§ Directions for this task: Copy out each line of the material that includes the word "comment".

§ Records provided:
(* Let $F:\mathbb{R}^d\to\mathbb{R}^d$ be $L$-Lipschitz, let $G:\mathbb{R}^d\rightrightarrows\mathbb{R}^d$ be maximally monotone, and assume the problem of finding $x$ with $0\in F(x)+G(x)$ has a nonempty solution set. Assume $F+G$ is maximally $\rho$-cohypomonotone for some $\rho>0$. Let $\eta<\frac{1}{L}$ and suppose $\rho<\eta$. Let $(x_k)$ be generated by the inexact Halpern iteration described in the context, and let $x^\star$ be a solution. Then for any $k=1,\dots,K$, $$\frac{1}{\eta^2}\|x_k-J_{\eta(F+G)}(x_k)\|^2\le\frac{16\|x_0-x^\star\|^2}{(\eta-\rho)^2(k+1)^2}.$$ Moreover, the number of first-order oracle calls used at iteration $k$ is at most $2N_k$, where $N_k=\left\lceil\frac{4(1+\eta L)}{1-\eta L}\log\big(98\sqrt{k+2}\,\log(k+2)\big)\right\rceil$.
   Context: For an operator $A$, $J_A=(\mathrm{Id}+A)^{-1}$ denotes its resolvent. $F+G$ is $\rho$-cohypomonotone if $\langle u-v,x-y\rangle\ge-\rho\|u-v\|^2$ for all $(x,u),(y,v)$ in the graph of $F+G$; maximal means its graph is not strictly contained in the graph of another $\rho$-cohypomonotone operator. A first-order oracle call consists of one evaluation of $F$ and one resolvent evaluation of (a positive multiple of) $G$. Subroutine FBF$(z_0,N,A,B_{\mathrm{in}},L_B)$: set $\tau=\frac{1}{2L_B}$ and $B(\cdot)=B_{\mathrm{in}}(\cdot)-z_0$; for $t=0,\dots,N-1$: $z_{t+1/2}=J_{\tau A}(z_t-\tau B(z_t))$, $z_{t+1}=z_{t+1/2}+\tau B(z_t)-\tau B(z_{t+1/2})$; output $z_N$. Inexact Halpern iteration: given $x_0\in\mathbb{R}^d$, $K\ge1$, set $\beta_k=\frac{1}{k+2}$, $\alpha=1-\frac{\rho}{\eta}$. For $k=0,\dots,K-1$: $\widetilde J_{\eta(F+G)}(x_k)=\mathrm{FBF}(x_k,N_k,\eta G,\mathrm{Id}+\eta F,1+\eta L)$ with $N_k=\left\lceil\frac{4(1+\eta L)}{1-\eta L}\log(98\sqrt{k+2}\log(k+2))\right\rceil$, and $x_{k+1}=\beta_kx_0+(1-\beta_k)\big((1-\alpha)x_k+\alpha\widetilde J_{\eta(F+G)}(x_k)\big)$. *)

theory Defs
  imports "HOL-Analysis.Analysis"
begin

definition op_graph :: "('a \<Rightarrow> 'a set) \<Rightarrow> ('a \<times> 'a) set" where
  "op_graph A = {(x, u). u \<in> A x}"

definition op_sum :: "('a::real_vector \<Rightarrow> 'a) \<Rightarrow> ('a \<Rightarrow> 'a set) \<Rightarrow> 'a \<Rightarrow> 'a set" where
  "op_sum F G = (\<lambda>x. (\<lambda>v. F x + v) ` G x)"

definition op_scale :: "real \<Rightarrow> ('a::real_vector \<Rightarrow> 'a set) \<Rightarrow> 'a \<Rightarrow> 'a set" where
  "op_scale c A = (\<lambda>x. (\<lambda>v. c *\<^sub>R v) ` A x)"

text \<open>Resolvent J_A = (Id + A)^{-1}, as a function: J_A x is the z with x \<in> z + A z.\<close>
definition resolvent :: "('a::real_vector \<Rightarrow> 'a set) \<Rightarrow> 'a \<Rightarrow> 'a" where
  "resolvent A x = (THE z. x - z \<in> A z)"

definition monotone_op :: "('a::real_inner \<Rightarrow> 'a set) \<Rightarrow> bool" where
  "monotone_op A \<longleftrightarrow>
     (\<forall>x u y v. (x, u) \<in> op_graph A \<longrightarrow> (y, v) \<in> op_graph A \<longrightarrow> inner (u - v) (x - y) \<ge> 0)"

definition maximal_monotone :: "('a::real_inner \<Rightarrow> 'a set) \<Rightarrow> bool" where
  "maximal_monotone A \<longleftrightarrow> monotone_op A \<and>
     (\<forall>B. monotone_op B \<and> op_graph A \<subseteq> op_graph B \<longrightarrow> op_graph B = op_graph A)"

definition cohypomonotone :: "real \<Rightarrow> ('a::real_inner \<Rightarrow> 'a set) \<Rightarrow> bool" where
  "cohypomonotone \<rho> A \<longleftrightarrow>
     (\<forall>x u y v. (x, u) \<in> op_graph A \<longrightarrow> (y, v) \<in> op_graph A \<longrightarrow>
        inner (u - v) (x - y) \<ge> - \<rho> * (norm (u - v))\<^sup>2)"

definition maximal_cohypomonotone :: "real \<Rightarrow> ('a::real_inner \<Rightarrow> 'a set) \<Rightarrow> bool" where
  "maximal_cohypomonotone \<rho> A \<longleftrightarrow> cohypomonotone \<rho> A \<and>
     (\<forall>B. cohypomonotone \<rho> B \<and> op_graph A \<subseteq> op_graph B \<longrightarrow> op_graph B = op_graph A)"

text \<open>One FBF step, instrumented with counters (number of evaluations of B_in,
  i.e. of F, and number of resolvent evaluations).  State: (z_t, #F, #J).\<close>
definition fbf_step ::
  "('a::real_vector \<Rightarrow> 'a set) \<Rightarrow> ('a \<Rightarrow> 'a) \<Rightarrow> real \<Rightarrow> 'a \<Rightarrow> 'a \<times> nat \<times> nat \<Rightarrow> 'a \<times> nat \<times> nat" where
  "fbf_step A Bin LB z0 s =
     (let \<tau> = 1 / (2 * LB);
          B = (\<lambda>w. Bin w - z0);
          (z, nF, nJ) = s;
          Bz = B z;                                  \<comment> \<open>one evaluation of B_in\<close>
          zh = resolvent (op_scale \<tau> A) (z - \<tau> *\<^sub>R Bz);  \<comment> \<open>one resolvent evaluation\<close>
          Bzh = B zh                                 \<comment> \<open>one evaluation of B_in\<close>
      in (zh + \<tau> *\<^sub>R Bz - \<tau> *\<^sub>R Bzh, nF + 2, nJ + 1))"

definition fbf ::
  "'a::real_vector \<Rightarrow> nat \<Rightarrow> ('a \<Rightarrow> 'a set) \<Rightarrow> ('a \<Rightarrow> 'a) \<Rightarrow> real \<Rightarrow> 'a \<times> nat \<times> nat" where
  "fbf z0 N A Bin LB = (fbf_step A Bin LB z0 ^^ N) (z0, 0, 0)"

definition halpern_N :: "real \<Rightarrow> real \<Rightarrow> nat \<Rightarrow> nat" where
  "halpern_N L \<eta> k =
     nat \<lceil>4 * (1 + \<eta> * L) / (1 - \<eta> * L) * ln (98 * sqrt (real k + 2) * ln (real k + 2))\<rceil>"

definition inexact_resolvent ::
  "('a::real_vector \<Rightarrow> 'a) \<Rightarrow> ('a \<Rightarrow> 'a set) \<Rightarrow> real \<Rightarrow> real \<Rightarrow> nat \<Rightarrow> 'a \<Rightarrow> 'a \<times> nat \<times> nat" where
  "inexact_resolvent F G L \<eta> k x =
     fbf x (halpern_N L \<eta> k) (op_scale \<eta> G) (\<lambda>z. z + \<eta> *\<^sub>R F z) (1 + \<eta> * L)"

primrec halpern ::
  "('a::real_vector \<Rightarrow> 'a) \<Rightarrow> ('a \<Rightarrow> 'a set) \<Rightarrow> real \<Rightarrow> real \<Rightarrow> real \<Rightarrow> 'a \<Rightarrow> nat \<Rightarrow> 'a" where
  "halpern F G L \<eta> \<rho> x0 0 = x0"
| "halpern F G L \<eta> \<rho> x0 (Suc k) =
     (let \<beta> = 1 / (real k + 2);
          \<alpha> = 1 - \<rho> / \<eta>;
          xk = halpern F G L \<eta> \<rho> x0 k;
          Jt = fst (inexact_resolvent F G L \<eta> k xk)
      in \<beta> *\<^sub>R x0 + (1 - \<beta>) *\<^sub>R ((1 - \<alpha>) *\<^sub>R xk + \<alpha> *\<^sub>R Jt))"

end

theory Submission
  imports Defs
begin
lemma convex_on_imp_above_linearization:
  fixes G :: "'a::real_normed_vector \<Rightarrow> real"
  assumes convex: "convex_on UNIV G" and deriv: "(G has_derivative G') (at z)"
  shows "G z + G' (y - z) \<le> G y"
proof -
  define \<phi> where "\<phi> s = G (s *\<^sub>R (y - z) - (- z))" for s :: real
  have "convex_on UNIV \<phi>"
    unfolding \<phi>_def by (intro convex_on_compose_affine convex linear_scaleR_left)
  have "((\<lambda>s. s *\<^sub>R (y - z) - (- z)) has_derivative (\<lambda>s. s *\<^sub>R (y - z))) (at 0)"
    by (auto intro!: derivative_eq_intros)
  from has_derivative_compose[OF this] deriv
  have "(\<phi> has_derivative (\<lambda>s. G' (s *\<^sub>R (y - z)))) (at 0)"
    unfolding \<phi>_def by simp
  moreover have "G' (s *\<^sub>R (y - z)) = G' (y - z) * s" for s
    using has_derivative_linear[OF deriv] by (simp add: linear_scale)
  ultimately have "(\<phi> has_field_derivative G' (y - z)) (at 0)"
    by (simp add: has_field_derivative_def)
  from convex_on_imp_above_tangent[OF \<open>convex_on UNIV \<phi>\<close> _ _ _ this, of 1]
  show ?thesis by (simp add: \<phi>_def)
qed

lemma convex_on_GDERIV_is_arg_min_iff:
  fixes G :: "'a::real_inner \<Rightarrow> real"
  assumes convex: "convex_on UNIV G" and grad: "GDERIV G z :> g"
  shows "is_arg_min G (\<lambda>_. True) z \<longleftrightarrow> g = 0"
proof
  assume "is_arg_min G (\<lambda>_. True) z"
  then have "\<forall>y. G z \<le> G y" by (auto simp: is_arg_min_def not_less)
  with grad have "(\<lambda>h. inner h g) = (\<lambda>h. 0)"
    unfolding gderiv_def by (intro has_derivative_local_min) (auto intro: always_eventually)
  then have "inner g g = 0" by metis
  then show "g = 0" by simp
next
  assume "g = 0"
  with grad have "G z \<le> G y" for y
    using convex_on_imp_above_linearization[OF convex, of "\<lambda>h. inner h g" z y]
    by (simp add: gderiv_def)
  then show "is_arg_min G (\<lambda>_. True) z"
    by (simp add: is_arg_min_def not_less)
qed

lemma GDERIV_cmult: "GDERIV f x :> df \<Longrightarrow> GDERIV (\<lambda>x. c * f x) x :> c *\<^sub>R df"
  using GDERIV_mult[OF GDERIV_const] by simp

lemma GDERIV_norm_power2_affine:
  assumes "bounded_linear L" and adjoint: "\<And>h v. inner (L h) v = inner h (L' v)"
  shows "GDERIV (\<lambda>y. (norm (L y - w))\<^sup>2) z :> 2 *\<^sub>R L' (L z - w)"
proof -
  have "((\<lambda>y. inner (L y - w) (L y - w)) has_derivative
      (\<lambda>h. inner (L z - w) (L h - 0) + inner (L h - 0) (L z - w))) (at z)"
    by (intro has_derivative_inner has_derivative_diff bounded_linear_imp_has_derivative assms
        has_derivative_const)
  then show ?thesis
    by (simp add: gderiv_def power2_norm_eq_inner adjoint inner_commute)
qed

lemma GDERIV_inner_affine:
  assumes "bounded_linear L" and adjoint: "\<And>h v. inner (L h) v = inner h (L' v)"
  shows "GDERIV (\<lambda>y. inner p (L y - w)) z :> L' p"
proof -
  have "((\<lambda>y. inner p (L y - w)) has_derivative (\<lambda>h. inner p (L h - 0))) (at z)"
    by (intro has_derivative_inner_right has_derivative_diff bounded_linear_imp_has_derivative assms
        has_derivative_const)
  moreover have "inner p (L h) = inner h (L' p)" for h
    by (metis adjoint inner_commute)
  ultimately show ?thesis
    by (simp add: gderiv_def)
qed

lemma inner_matrix_vector_transpose:
  fixes M :: "real^'n^'m"
  shows "inner (M *v h) v = inner h (transpose M *v v)"
  by (metis dot_lmul_matrix inner_commute transpose_matrix_vector)

lemma convex_on_alg_obj:
  fixes A :: "real^'n^'m"
  assumes "convex_on UNIV F" and "\<gamma> > 0" and "\<delta> \<ge> 0" and "\<beta> \<ge> 0"
  shows "convex_on UNIV (alg_obj F t \<eta> \<gamma> \<delta> \<beta> A b x lam k)"
proof -
  have "linear (\<lambda>y. alg_c t \<eta> k *\<^sub>R (A *v y))"
    by (simp add: bounded_linear.linear bounded_linear_compose[OF bounded_linear_scaleR_right])
  moreover have "linear (\<lambda>y. inner p y)" for p :: "real^'m"
    by (rule bounded_linear.linear[OF bounded_linear_inner_right])
  ultimately show ?thesis
    unfolding alg_obj_def using assms
    by (intro convex_on_add convex_on_cmul
        convex_on_compose_affine[OF convex_on_power2_norm]
        convex_on_compose_affine[OF convex_on_power2_norm, where L = "\<lambda>y. y"]
        convex_on_compose_affine[OF linear_imp_convex_on]
        bounded_linear.linear[OF matrix_vector_mul_bounded_linear] linear_ident) auto
qed

lemma GDERIV_alg_obj:
  fixes A :: "real^'n^'m" and b :: "real^'m" and x :: "nat \<Rightarrow> real^'n"
    and t :: "nat \<Rightarrow> real" and \<eta> :: real and k :: nat
  assumes "GDERIV F z :> D"
  defines "c \<equiv> alg_c t \<eta> k" and "r \<equiv> alg_r t \<eta> A b x k"
  shows "GDERIV (alg_obj F t \<eta> \<gamma> \<delta> \<beta> A b x lam k) z :>
    D + \<beta> *\<^sub>R (transpose A *v (A *v z - b)) + (1 / \<gamma>) *\<^sub>R (z - alg_bar t x k)
      + transpose A *v (alg_p t \<eta> lam k + (\<delta> * c) *\<^sub>R (c *\<^sub>R (A *v z) - r))"
proof -
  have adjoint_cA: "inner (c *\<^sub>R (A *v h)) v = inner h (c *\<^sub>R (transpose A *v v))" for h v
    by (simp add: inner_matrix_vector_transpose)
  have "bounded_linear (\<lambda>y. c *\<^sub>R (A *v y))"
    by (simp add: bounded_linear_compose[OF bounded_linear_scaleR_right])
  then have "GDERIV (alg_obj F t \<eta> \<gamma> \<delta> \<beta> A b x lam k) z :>
    D + (\<beta> / 2) *\<^sub>R (2 *\<^sub>R (transpose A *v (A *v z - b)))
      + (1 / (2 * \<gamma>)) *\<^sub>R (2 *\<^sub>R (z - alg_bar t x k))
      + transpose A *v alg_p t \<eta> lam k
      + (\<delta> / 2) *\<^sub>R (2 *\<^sub>R (c *\<^sub>R (transpose A *v (c *\<^sub>R (A *v z) - r))))"
    unfolding alg_obj_def c_def[symmetric] r_def[symmetric]
    by (intro GDERIV_add GDERIV_cmult assms
        GDERIV_norm_power2_affine[OF _ inner_matrix_vector_transpose]
        GDERIV_norm_power2_affine[OF _ adjoint_cA]
        GDERIV_norm_power2_affine[where L = "\<lambda>y. y" and L' = "\<lambda>v. v"]
        GDERIV_inner_affine[OF _ inner_matrix_vector_transpose]
        bounded_linear_ident matrix_vector_mul_bounded_linear)
      simp_all
  then show ?thesis
    by (rule GDERIV_subst) (simp add: matrix_vector_right_distrib matrix_vector_mult_scaleR)
qed

lemma alg_c_eq_alg_alpha_plus_1: "\<eta> \<noteq> 0 \<Longrightarrow> alg_c t \<eta> k = alg_alpha t \<eta> k + 1"
  by (simp add: alg_c_def alg_alpha_def field_simps)

lemma alg_c_scaleR_minus_alg_r:
  "\<eta> \<noteq> 0 \<Longrightarrow> alg_c t \<eta> k *\<^sub>R (A *v z) - alg_r t \<eta> A b x k
     = A *v z - b + alg_alpha t \<eta> k *\<^sub>R (A *v (z - x k))"
  by (simp add: alg_c_eq_alg_alpha_plus_1 alg_r_def matrix_vector_right_distrib algebra_simps)

lemma alg_p_plus_multiplier_step:
  assumes "\<eta> \<noteq> 0" and "lam (Suc k) = alg_lam_update t \<eta> \<delta> A b x lam k"
  shows "alg_p t \<eta> lam k
      + (\<delta> * alg_c t \<eta> k) *\<^sub>R (alg_c t \<eta> k *\<^sub>R (A *v x (Suc k)) - alg_r t \<eta> A b x k)
    = lam (Suc k) + alg_alpha t \<eta> k *\<^sub>R (lam (Suc k) - lam k)"
proof -
  define u where "u = alg_c t \<eta> k *\<^sub>R (A *v x (Suc k)) - alg_r t \<eta> A b x k"
  have "alg_p t \<eta> lam k + (\<delta> * alg_c t \<eta> k) *\<^sub>R u
      = alg_c t \<eta> k *\<^sub>R (alg_bar t lam k + \<delta> *\<^sub>R u) - alg_alpha t \<eta> k *\<^sub>R lam k"
    by (simp add: alg_p_def algebra_simps)
  also have "\<dots> = alg_c t \<eta> k *\<^sub>R lam (Suc k) - alg_alpha t \<eta> k *\<^sub>R lam k"
    using assms(2) by (simp add: alg_lam_update_def u_def)
  also have "\<dots> = lam (Suc k) + alg_alpha t \<eta> k *\<^sub>R (lam (Suc k) - lam k)"
    using assms(1) by (simp add: alg_c_eq_alg_alpha_plus_1 algebra_simps)
  finally show ?thesis
    unfolding u_def .
qed

lemma add_inverse_scaleR_eq_0_iff:
  fixes u v :: "'a::real_vector"
  assumes "\<gamma> \<noteq> 0"
  shows "u + (1 / \<gamma>) *\<^sub>R v = 0 \<longleftrightarrow> v = - \<gamma> *\<^sub>R u"
  using assms by (auto simp: add_eq_0_iff2)

lemma alg_step_iff_equations:
  fixes F :: "real^'n \<Rightarrow> real" and A :: "real^'n^'m"
  assumes convex: "convex_on UNIV F" and grad: "\<And>y. GDERIV F y :> D y"
    and "\<gamma> > 0" and "\<delta> \<ge> 0" and "\<beta> \<ge> 0" and "\<eta> \<noteq> 0"
  shows "(is_arg_min (alg_obj F t \<eta> \<gamma> \<delta> \<beta> A b x lam k) (\<lambda>_. True) (x (Suc k))
          \<and> lam (Suc k) = alg_lam_update t \<eta> \<delta> A b x lam k)
    \<longleftrightarrow> (x (Suc k) - alg_bar t x k =
          - \<gamma> *\<^sub>R (D (x (Suc k))
              + transpose A *v (lam (Suc k) + alg_alpha t \<eta> k *\<^sub>R (lam (Suc k) - lam k))
              + \<beta> *\<^sub>R (transpose A *v (A *v x (Suc k) - b)))
        \<and> lam (Suc k) - alg_bar t lam k =
          \<delta> *\<^sub>R (A *v x (Suc k) - b + alg_alpha t \<eta> k *\<^sub>R (A *v (x (Suc k) - x k))))"
    (is "(?min \<and> ?update) \<longleftrightarrow> (?step_x \<and> ?step_lam)")
proof -
  have update_iff: "?update \<longleftrightarrow> ?step_lam"
    using \<open>\<eta> \<noteq> 0\<close>
    by (auto simp: alg_lam_update_def alg_c_scaleR_minus_alg_r diff_eq_eq add.commute)
  have "?min \<longleftrightarrow> ?step_x" if ?update
  proof -
    define S where "S = D (x (Suc k))
      + transpose A *v (lam (Suc k) + alg_alpha t \<eta> k *\<^sub>R (lam (Suc k) - lam k))
      + \<beta> *\<^sub>R (transpose A *v (A *v x (Suc k) - b))"
    have "GDERIV (alg_obj F t \<eta> \<gamma> \<delta> \<beta> A b x lam k) (x (Suc k)) :>
        S + (1 / \<gamma>) *\<^sub>R (x (Suc k) - alg_bar t x k)"
      using GDERIV_alg_obj[OF grad[of "x (Suc k)"], where t = t and \<eta> = \<eta> and k = k
          and A = A and b = b and x = x and lam = lam and \<beta> = \<beta> and \<gamma> = \<gamma> and \<delta> = \<delta>]
      unfolding alg_p_plus_multiplier_step[OF \<open>\<eta> \<noteq> 0\<close> that] S_def
      by (simp add: ac_simps)
    then have "?min \<longleftrightarrow> S + (1 / \<gamma>) *\<^sub>R (x (Suc k) - alg_bar t x k) = 0"
      using assms by (intro convex_on_GDERIV_is_arg_min_iff convex_on_alg_obj)
    also have "\<dots> \<longleftrightarrow> ?step_x"
      using \<open>\<gamma> > 0\<close> by (simp add: add_inverse_scaleR_eq_0_iff S_def)
    finally show ?thesis .
  qed
  with update_iff show ?thesis
    by blast
qed
(* There is an absolute constant $c>0$ such that for every instance $I$ of continuous BGT (with $n\ge2$ and $h_{\max}>h_{\min}$), the schedule produced by Algorithm 2 satisfies $\mathrm{MH}\le c\cdot\log_2\lceil h_{\max}/h_{\min}\rceil\cdot\mathrm{OPT}(I)$. Algorithm 2: let $s=\lfloor\log_2(h_{\max}/h_{\min})\rfloor+1$ and, for $i=1,\dots,s$, $V_i=\{v_j\in V: 2^{i-1}h_{\min}\le h_j<2^i h_{\min}\}$ (with $v_j$ of rate $h_j=2^s h_{\min}$ impossible, so the $V_i$ partition $V$). For each nonempty $V_i$ compute a minimum spanning tree $T_i$ of $V_i$ and a directed closed Euler tour $C_i$ of $T_i$ (a cyclic walk traversing each edge of $T_i$ twice), and mark an arbitrary point of $C_i$ as its "last visited point". The robot starts at $v_1$ and repeats forever: for $i=1,\dots,s$ with $V_i\ne\emptyset$: travel directly to the last visited point of $C_i$; then, if $|V_i|\ge2$, walk along $C_i$ in the tour direction from that point, stopping at the first tour vertex at which the distance covered along $C_i$ in this phase is at least $D$, and make that vertex the new last visited point of $C_i$. Bamboos are cut whenever the robot is at their point.
   Context: Continuous BGT: bamboos at points $V=\{v_1,\dots,v_n\}$, growth rates $h_1\ge\dots\ge h_n>0$, initial heights $0$; symmetric travel times $t_{i,j}>0$ ($i\ne j$) satisfying the triangle inequality. The robot starts at $v_1$ at time $0$, moving from $v_i$ to $v_j$ takes time $t_{i,j}$, and the bamboo at a point is cut instantaneously to $0$ whenever the robot is there. Height of $b_i$ at time $t$ = $h_i$ times time since its last cut (or since $0$). $\mathrm{MH}$ = supremum of all heights over all times; $\mathrm{OPT}(I)$ = infimum of $\mathrm{MH}$ over all robot walks. $h_{\max}=h_1$, $h_{\min}=h_n$, $D=\max_{i,j}t_{i,j}$. *)

theory Defs
  imports "HOL-Analysis.Analysis"
begin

§ Response below:
          Bz = B z;                                  \<comment> \<open>one evaluation of B_in\<close>
          zh = resolvent (op_scale \<tau> A) (z - \<tau> *\<^sub>R Bz);  \<comment> \<open>one resolvent evaluation\<close>
          Bzh = B zh                                 \<comment> \<open>one evaluation of B_in\<close>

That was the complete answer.